Porque el conflicto es pauta en los cuatro puntos cardinales, cobra sentido la tesis de Thomas Hobbes de que el hombre es lobo del hombre. Tan descarnada vocación moldea la historia y marca la suerte de los pueblos. Esta reiterada tragedia llama al género humano a ir contracorriente e insistir en la búsqueda de fórmulas que atemperen su innata violencia. No es tarea sencilla, pero si se mueve la rueca de la política, según la definió Platón, es posible torcer el hilo para tejer solidaridad entre todos y para todas las naciones. Esa nota de la política como virtud, debe oponerse con firmeza a una realidad señalada por la confrontación, el uso selectivo de la fuerza y la feroz competencia entre los estados para imponer sus intereses y particular concepto de seguridad. De ocurrir así, los nacionalismos cerrados, los dogmas ideológicos y las xenofobias sucumbirán a la tolerancia que acoge y a la paz que edifica.

El mundo se ha roto, sus componentes no encajan y la gobernanza mundial decae paulatinamente. Los mandatos de los organismos internacionales, ingredientes de una rancia y vetusta receta, no gustan a las potencias y sucumben ante una diplomacia multilateral desgastada, burocrática e incolora. Esta última, enfrascada en interminables batallas alrededor del punto y la coma, ya no rinde buenas cuentas porque los poderosos desprecian al orden jurídico y sus consecuencias. Frente a una realidad global disfuncional, belicosa e injusta, estos organismos operan como válvulas de escape para que los estados, en especial los menos favorecidos, canalicen anhelos y expresen frustraciones.

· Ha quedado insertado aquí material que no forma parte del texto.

lemma fill_inv_step_W:
  assumes D: "D \<in> Dk k" and i: "i < length D" and W: "\<not> D ! i > 0"
    and inv: "fill_inv k D i cols"
  shows "fill_inv k D (Suc i) (fill_step k cols (i + 1, D ! i))"
proof -
  let ?s = "count_S D i"
  define p where "p = (ARG_MIN (\<lambda>j. last (cols ! j)) j. j \<in> active_cols k cols)"
  let ?cols = "cols[p := cols ! p @ [i + 1]]"
  have len: "length cols = length k"
    and started: "\<forall>j < ?s. cols ! j \<noteq> [] \<and> length (cols ! j) \<le> k ! j + 1"
    and unstarted: "\<forall>j < length k. ?s \<le> j \<longrightarrow> cols ! j = []"
    and gaps: "int (\<Sum>j < ?s. k ! j + 1 - length (cols ! j)) = sum_list (take i D)"
    and entries: "mset (concat cols) = mset [1..<i + 1]"
    using inv by (auto simp: fill_inv_def)
  have Di: "D ! i = -1"
    using D i W by (auto simp: Dk_def)
  have count: "count_S D (Suc i) = ?s"
    using i W by (simp add: count_S_def take_Suc_conv_app_nth)
  have prefix: "sum_list (take (Suc i) D) = sum_list (take i D) - 1"
    using i Di by (simp add: take_Suc_conv_app_nth)
  then have "sum_list (take i D) \<ge> 1"
    using Dk_prefix_sum_nonneg[OF D, of "Suc i"] i by simp
  then have "\<exists>j < ?s. length (cols ! j) < k ! j + 1"
    using gaps by (metis (no_types, lifting) diff_is_0_eq not_le of_nat_0 sum.neutral lessThan_iff
        zero_less_one not_less)
  then obtain j0 where "j0 < ?s" "length (cols ! j0) < k ! j0 + 1"
    by blast
  then have "j0 \<in> active_cols k cols"
    using started len count_S_le[OF D, of i] by (auto simp: active_cols_def)
  then have "p \<in> active_cols k cols"
    unfolding p_def by (rule arg_min_natI)
  then have p: "p < ?s" "cols ! p \<noteq> []" "length (cols ! p) < k ! p + 1"
    using len unstarted by (auto simp: active_cols_def not_le[symmetric])
  have step: "fill_step k cols (i + 1, D ! i) = ?cols"
    using W by (simp add: fill_step_def Let_def p_def)
  have p_len: "p < length cols"
    using p len count_S_le[OF D, of i] by simp
  have "(\<Sum>j \<in> {..<?s} - {p}. k ! j + 1 - length (?cols ! j))
      = (\<Sum>j \<in> {..<?s} - {p}. k ! j + 1 - length (cols ! j))"
    by (rule sum.cong) auto
  moreover have "k ! p + 1 - length (?cols ! p) + 1 = k ! p + 1 - length (cols ! p)"
    using p p_len by simp
  ultimately have "(\<Sum>j < ?s. k ! j + 1 - length (?cols ! j)) + 1 = (\<Sum>j < ?s. k ! j + 1 - length (cols ! j))"
    using p(1) by (simp add: sum.remove[of "{..<?s}" p])
  then have "int (\<Sum>j < ?s. k ! j + 1 - length (?cols ! j)) = sum_list (take (Suc i) D)"
    using gaps prefix by linarith
  moreover have "mset (concat ?cols) = mset [1..<Suc i + 1]"
    using mset_concat_list_update[of p cols "cols ! p @ [i + 1]"] len p count_S_le[OF D, of i] entries
    by simp
  moreover have "\<forall>j < ?s. ?cols ! j \<noteq> [] \<and> length (?cols ! j) \<le> k ! j + 1"
    using started p p_len by (auto simp: nth_list_update)
  ultimately show ?thesis
    unfolding fill_inv_def step count
    using len unstarted p by auto
qed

En los tiempos de la bipolaridad se afirmaba que los foros multilaterales brindaban, a las naciones en desarrollo, un buen espacio para patalear; un espacio que aunque estuvo siempre acotado a la permisibilidad del conflicto Este-Oeste, apuntaló la negociación y generó experiencia de cooperación y doctrina para la paz. Hoy, las cosas son diferentes. El orden liberal está vulnerado en su esencia. Los equilibrios de poder ya no se corresponden con los que dieron origen al multilateralismo contemporáneo y los liderazgos globales, venidos a menos, encaran, muchas veces con asombro, la irrupción en diversas latitudes de hegemonías antiguas y nuevas. En tan precarias condiciones, los pataleos han perdido eficacia y avalan la urgencia de modificar, de raíz, la arquitectura institucional y las herramientas del sistema internacional. La meta es abrazar, para bien de la humanidad, esa idea platónica de que la política debe contribuir a la construcción del mayor bien posible para todos.

Para los internacionalistas, la coyuntura es campo fértil para proponer fórmulas de convivencia que atemperen la descomposición del orden surgido en 1945, en San Francisco. Por sobre todas las cosas parece vital contener a quienes, invocando intereses nacionales, usan la fuerza militar para remodelar zonas de influencia, medran con la globalización y hacen uso irracional de los recursos naturales. Sin falso optimismo, hay que darle su lugar a la buena diplomacia, a la que tiende puentes y busca fortalecer al multilateralismo, a una diplomacia que no siga postergando, ad infinitum, la agonía de los foros existentes. En el núcleo de este anhelo está, por supuesto, el vehemente deseo de modificar el entorno, para beneficio universal. Si vis pacem, para eam.